theorem corollary4p4:
  assumes "\<forall>(X::nat set) C. finite X \<and> C \<subseteq> Pow X \<and> ample X C \<longrightarrow> dismantlable X C"
  shows "\<forall>n. extendably_shellable n"
  unfolding extendably_shellable_def
proof (intro allI impI)
  fix n \<sigma>s
  assume "partial_shelling n \<sigma>s"
  let ?X = "{0..<n}"
  define as where "as = map positive_part \<sigma>s"
  have facets: "set \<sigma>s \<subseteq> cross_facets n"
    using \<open>partial_shelling n \<sigma>s\<close> unfolding partial_shelling_def by blast
  have \<sigma>s: "\<sigma>s = map (cross_facet n) as"
    unfolding as_def map_map using facets cross_facet_positive_part by (intro map_idI[symmetric]) auto
  have as: "set as \<subseteq> Pow ?X"
    unfolding as_def using facets positive_part_subset by auto
  have "shelling_order as"
    using partial_shelling_cross_facet_iff[OF as] \<open>partial_shelling n \<sigma>s\<close> \<sigma>s by simp
  then have "ample ?X (set as)"
    using shelling_order_iff_ample_prefixes[OF _ as] by (metis finite_atLeastLessThan order_refl take_all)
  then have "dismantlable ?X (Pow ?X - set as)"
    using ample_Diff[OF as] by (intro assms[rule_format] conjI) auto
  then obtain cs where cs: "shelling_order (as @ cs)" "set (as @ cs) = Pow ?X"
    using shelling_order_extends[OF _ as \<open>shelling_order as\<close>] by blast
  then have "partial_shelling n (map (cross_facet n) (as @ cs))"
    using partial_shelling_cross_facet_iff[of "as @ cs" n] by simp
  moreover have "set (map (cross_facet n) (as @ cs)) = cross_facets n"
    unfolding cross_facets_eq_image set_map cs(2) ..
  ultimately have "shelling n (\<sigma>s @ map (cross_facet n) cs)"
    unfolding shelling_def \<sigma>s by simp
  then show "\<exists>\<tau>s. shelling n (\<sigma>s @ \<tau>s)" ..
qed

end
(* For every $d\in\mathbb{Z}^+$, every 1-aware population protocol computing the predicate $R\colon\mathbb{Z}^+\to\{0,1\}$, $R(n)=\mathbb{I}\{n\ge d\}$ (i.e. $R(n)=1$ if $n\ge d$ and $R(n)=0$ otherwise), has at least $\log_2 d+1$ states.
   Context: A population protocol is a tuple $\Pi=\langle Q,Q_0,Q_1,q_{init},\delta\rangle$ where $Q$ is a finite set of states, $Q=Q_0\sqcup Q_1$ (disjoint union), $q_{init}\in Q$ is the initial state, and $\delta\colon Q^2\to 2^{Q^2}\setminus\{\varnothing\}$ is the transition function. For $n\in\mathbb{Z}^+$, an $n$-size configuration is a function $C\colon[n]\to Q$, where $[n]=\{1,\dots,n\}$; the initial configuration $I_n$ maps every element to $q_{init}$. A pair $(C_1,C_2)$ of $n$-size configurations is a transition if there are distinct $i,j\in[n]$ with $(C_2(i),C_2(j))\in\delta(C_1(i),C_1(j))$ and $C_2(k)=C_1(k)$ for all $k\ne i,j$ (the pair $(i,j)$ is ordered). $D$ is reachable from $C$ if there is a finite sequence $C=C_1,\dots,C_k=D$ ($k\ge1$) of configurations with each $(C_i,C_{i+1})$ a transition. An execution is an infinite sequence $(C_i)_{i\ge1}$ with $C_1=I_n$ for some $n$ and each $(C_i,C_{i+1})$ a transition; it is fair if whenever a configuration $C$ occurs infinitely often in it and $D$ is reachable from $C$, then $D$ also occurs infinitely often. $\Pi$ is a 1-aware population protocol computing $R\colon\mathbb{Z}^+\to\{0,1\}$ if for every $n\in\mathbb{Z}^+$: if $R(n)=0$ then every configuration $C$ reachable from $I_n$ satisfies $C([n])\subseteq Q_0$; and if $R(n)=1$ then for every fair execution $(C_i)_{i\ge1}$ with $C_1=I_n$ there is $i_0$ such that $C_i([n])\subseteq Q_1$ for all $i\ge i_0$. The number of states of $\Pi$ is $|Q|$. *)

theory Defs
  imports Complex_Main
begin

text \<open>A population protocol: state set Q (finite), partition Q = Q0 disjoint-union Q1,
initial state qi, and transition function delta : Q^2 -> nonempty subsets of Q^2.
Configurations of size n are functions nat => 'q; only the values on {1..n} matter
(transitions leave all other positions unchanged, and the initial configuration is
constantly qi).\<close>

definition pop_protocol :: "'q set \<Rightarrow> 'q set \<Rightarrow> 'q set \<Rightarrow> 'q \<Rightarrow> ('q \<Rightarrow> 'q \<Rightarrow> ('q \<times> 'q) set) \<Rightarrow> bool" where
  "pop_protocol Q Q0 Q1 qi \<delta> \<longleftrightarrow>
     finite Q \<and> Q = Q0 \<union> Q1 \<and> Q0 \<inter> Q1 = {} \<and> qi \<in> Q \<and>
     (\<forall>p\<in>Q. \<forall>q\<in>Q. \<delta> p q \<subseteq> Q \<times> Q \<and> \<delta> p q \<noteq> {})"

Exercise description: Quote every line from the beginning of the entries up to and including the line that contains "using shelling_order_iff_ample_prefixes[OF _".

Finished task:
theorem corollary4p4:
  assumes "\<forall>(X::nat set) C. finite X \<and> C \<subseteq> Pow X \<and> ample X C \<longrightarrow> dismantlable X C"
  shows "\<forall>n. extendably_shellable n"
  unfolding extendably_shellable_def
proof (intro allI impI)
  fix n \<sigma>s
  assume "partial_shelling n \<sigma>s"
  let ?X = "{0..<n}"
  define as where "as = map positive_part \<sigma>s"
  have facets: "set \<sigma>s \<subseteq> cross_facets n"
    using \<open>partial_shelling n \<sigma>s\<close> unfolding partial_shelling_def by blast
  have \<sigma>s: "\<sigma>s = map (cross_facet n) as"
    unfolding as_def map_map using facets cross_facet_positive_part by (intro map_idI[symmetric]) auto
  have as: "set as \<subseteq> Pow ?X"
    unfolding as_def using facets positive_part_subset by auto
  have "shelling_order as"
    using partial_shelling_cross_facet_iff[OF as] \<open>partial_shelling n \<sigma>s\<close> \<sigma>s by simp
  then have "ample ?X (set as)"
    using shelling_order_iff_ample_prefixes[OF _ as] by (metis finite_atLeastLessThan order_refl take_all)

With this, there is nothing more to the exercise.